In the practice of product application, most scenes such as power supply cannot be stable like a laboratory or an enterprise machine room, so that the double machines are powered off at the same time, and then the scene of one node is randomly recovered, which is usually the scene required by a client. The scenario includes simultaneous failure of the master node and the slave node and then recovery of the slave node.
If the main node and the standby node simultaneously fail, the main node is recovered, and the problem of incomplete copy synchronization is not involved, because the main node always holds the latest data, the slave node is on-line again, and the resynchronization is good, but if the slave node is recovered after the failure, the problem of inconsistent main data and the standby data is likely to occur.
For this scenario, there is no relevant scheme at present, and most of the active/standby synchronous systems adopt means for avoiding such situations, for example, if recovery cannot recover only one node, 2 nodes must recover; or the scenario that the slave nodes are recovered independently after the failure of both nodes is avoided, so how to recover the slave nodes and ensure the integrity of the synchronous data becomes an urgent problem to be solved.
Disclosure of Invention
The present application aims to provide a storage design method for a dual-computer hot-standby system, so as to solve the problem that data synchronization cannot be guaranteed when a slave node recovers in the prior art.

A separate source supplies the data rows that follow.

lemma alpha_vec_carrier_vec:
  assumes "completely_controllable n A b"
  shows "alpha_vec n A b k \<in> carrier_vec n"
  using carrier_matD(1)[OF matinv_inverse(1)[OF Wmat_carrier_mat Wmat_invertible[OF assms]]]
  unfolding alpha_vec_def by (intro carrier_vecI) simp

lemma A_mult_Wmat:
  assumes cc: "completely_controllable n A b" and n_pos: "0 < n"
  shows "A k * Wmat n A b (k - 1) = Wmat n A b k * col_companion n (alpha_vec n A b k)"
proof -
  let ?W = "Wmat n A b" and ?C = "col_companion n (alpha_vec n A b k)"
  note Wi = matinv_inverse[OF Wmat_carrier_mat Wmat_invertible[OF cc]]
  have "A k *\<^sub>v (?W (k - 1) *\<^sub>v unit_vec n j) = ?W k *\<^sub>v (?C *\<^sub>v unit_vec n j)" if j: "j < n" for j
  proof (cases "j + 1 < n")
    case True
    have "A k *\<^sub>v (?W (k - 1) *\<^sub>v unit_vec n j) = A k *\<^sub>v (prodA A n (k - 1) j *\<^sub>v b (k - 1 - int j))"
      using j by (simp add: mult_mat_vec_unit_vec[OF Wmat_carrier_mat] col_Wmat)
    also have "\<dots> = prodA A n k (Suc j) *\<^sub>v b (k - int (Suc j))"
      by (rule A_mult_prodA_mult_vec)
    also have "\<dots> = ?W k *\<^sub>v unit_vec n (j + 1)"
      using True by (simp add: mult_mat_vec_unit_vec[OF Wmat_carrier_mat] col_Wmat del: prodA.simps(2))
    finally show ?thesis using True by (simp add: col_companion_mult_unit_vec)
  next
    case False
    then have j: "j = n - 1" using j by simp
    let ?v = "A k *\<^sub>v (?W (k - 1) *\<^sub>v unit_vec n j)"
    have v: "?v \<in> carrier_vec n" using A_carrier by (simp add: mult_mat_vec_carrier[of _ n n])
    have "?C *\<^sub>v unit_vec n j = alpha_vec n A b k"
      unfolding j by (rule col_companion_mult_unit_vec_last[OF alpha_vec_carrier_vec[OF cc] n_pos])
    also have "\<dots> = matinv n (?W k) *\<^sub>v ?v"
      unfolding alpha_vec_def j using Wi(1) A_carrier
      by (simp add: assoc_mult_mat_vec[of _ n n _ n] mult_carrier_mat[of _ n n _ n] mult_mat_vec_carrier[of _ n n])
    finally have "?W k *\<^sub>v (?C *\<^sub>v unit_vec n j) = (?W k * matinv n (?W k)) *\<^sub>v ?v"
      using assoc_mult_mat_vec[OF Wmat_carrier_mat Wi(1) v] by simp
    then show ?thesis using Wi(2) v by simp
  qed
  then have "col (A k * ?W (k - 1)) j = col (?W k * ?C) j" if "j < n" for j
    using that A_carrier
    by (simp add: col_mult2[of _ n n _ n] mult_mat_vec_unit_vec[of _ n n, symmetric])
  then show ?thesis
    by (intro mat_col_eqI) (simp_all add: carrier_matD[OF A_carrier] Wmat_def col_companion_def)
qed

lemma controllable_alg_equiv_col_companion:
  assumes n_pos: "0 < n" and cc: "completely_controllable n A b"
  shows "\<exists>ct. alg_equiv n A b c (\<lambda>k. col_companion n (alpha_vec n A b k)) (\<lambda>k. unit_vec n 0) ct"
proof -
  let ?W = "Wmat n A b" and ?C = "\<lambda>k. col_companion n (alpha_vec n A b k)"
  let ?T = "\<lambda>k. matinv n (?W (k - 1))"
  note Wi = matinv_inverse[OF Wmat_carrier_mat Wmat_invertible[OF cc]]
  have T: "?T k \<in> carrier_mat n n" "invertible_mat (?T k)" for k
    using Wi(1) invertible_matinv[OF Wmat_carrier_mat Wmat_invertible[OF cc]] by auto
  have TA: "?T (k + 1) * A k = ?C k * ?T k" for k
  proof -
    have "?T (k + 1) * A k = matinv n (?W k) * A k * (?W (k - 1) * ?T k)"
      using Wi(2) right_mult_one_mat[OF mult_carrier_mat[OF Wi(1) A_carrier]] by simp
    also have "\<dots> = matinv n (?W k) * (A k * ?W (k - 1)) * ?T k"
      using A_carrier Wi(1)
      by (simp add: assoc_mult_mat[of _ n n _ n _ n] mult_carrier_mat[of _ n n _ n])
    also have "\<dots> = (matinv n (?W k) * ?W k) * ?C k * ?T k"
      using Wi(1) by (simp add: A_mult_Wmat[OF cc n_pos] assoc_mult_mat[of _ n n _ n _ n]
          mult_carrier_mat[of _ n n _ n])
    finally show ?thesis using Wi(3) by (simp add: carrier_matD[OF col_companion_carrier_mat])
  qed
  have Tb: "?T (k + 1) *\<^sub>v b k = unit_vec n 0" for k
  proof -
    have "b k = ?W k *\<^sub>v unit_vec n 0"
      using n_pos b_carrier by (simp add: mult_mat_vec_unit_vec[of _ n n] col_Wmat)
    then have "?T (k + 1) *\<^sub>v b k = matinv n (?W k) *\<^sub>v (?W k *\<^sub>v unit_vec n 0)" by simp
    also have "\<dots> = (matinv n (?W k) * ?W k) *\<^sub>v unit_vec n 0"
      by (rule assoc_mult_mat_vec[symmetric, OF Wi(1) Wmat_carrier_mat unit_vec_carrier])
    finally show ?thesis using Wi(3) by simp
  qed
  have "alg_equiv n A b c ?C (\<lambda>k. unit_vec n 0) (\<lambda>k. transpose_mat (matinv n (?T k)) *\<^sub>v c k)"
    by (rule alg_equiv_intro[where A = A and T = ?T, OF A_carrier _ T TA Tb]) simp
  then show ?thesis by blast
qed

end

theorem proposition1:
  fixes n :: nat and A :: "int \<Rightarrow> real mat" and b c :: "int \<Rightarrow> real vec"
  assumes "n \<ge> 1"
    and "well_dim n A b c"
    and "completely_controllable n A b"
  shows "\<exists>ct. alg_equiv n A b c
           (\<lambda>k. mat n n (\<lambda>(i, j). if i + 1 < n then (if j = i + 1 then 1 else 0)
                                  else alpha n A b k (j + 1)))
           (\<lambda>k. unit_vec n (n - 1))
           ct"
proof -
  have n_pos: "0 < n" using assms(1) by simp
  have A: "\<And>k. A k \<in> carrier_mat n n" and b: "\<And>k. b k \<in> carrier_vec n"
    using assms(2) unfolding well_dim_def by auto
  obtain c1 where eq1:
    "alg_equiv n A b c (\<lambda>k. col_companion n (alpha_vec n A b k)) (\<lambda>k. unit_vec n 0) c1"
    using controllable_alg_equiv_col_companion[OF A b n_pos assms(3)] by blast
  obtain c2 where eq2: "alg_equiv n (\<lambda>k. col_companion n (alpha_vec n A b k)) (\<lambda>k. unit_vec n 0) c1
      (\<lambda>k. row_companion n (vec n (\<lambda>j. alpha_vec n A b (k + int j) $ j))) (\<lambda>k. unit_vec n (n - 1)) c2"
    using col_companion_alg_equiv_row_companion[OF n_pos] by blast
  have "row_companion n (vec n (\<lambda>j. alpha_vec n A b (k + int j) $ j))
      = mat n n (\<lambda>(i, j). if i + 1 < n then (if j = i + 1 then 1 else 0) else alpha n A b k (j + 1))"
    for k unfolding row_companion_def alpha_def by (rule cong_mat) auto
  then show ?thesis using alg_equiv_trans[OF assms(2) eq1 eq2] by auto
qed

end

According to an aspect of the present application, a storage design method for a dual-computer hot-standby system is provided, where the method includes:
the method comprises the steps that a main node receives a data write-in request and writes into a main node primary copy and a main node synchronous virtual machine copy, wherein the main node primary copy and the main node synchronous virtual machine copy are synchronized based on a full synchronous mode;
establishing main-standby synchronization of the main node and the slave node, and establishing a master copy of the slave node and a synchronous virtual machine copy of the slave node, wherein the master copy of the slave node and the synchronous virtual machine copy of the slave node are synchronized based on a full synchronization mode.
Further, wherein the full synchronization mode is implemented based on drbd synchronization.
According to another aspect of the present application, there is also provided a dual-node failure recovery method based on the foregoing storage design method, where the method includes:
receiving a data writing request by a slave node, starting the master node synchronous virtual machine copy, and synchronizing the original slave node copy of the slave node through the master node synchronous virtual machine copy;
and establishing primary and standby synchronization of the master node synchronous virtual machine copy and the slave node synchronous virtual machine copy so as to synchronize the original slave node slave copy through the master node synchronous virtual machine copy.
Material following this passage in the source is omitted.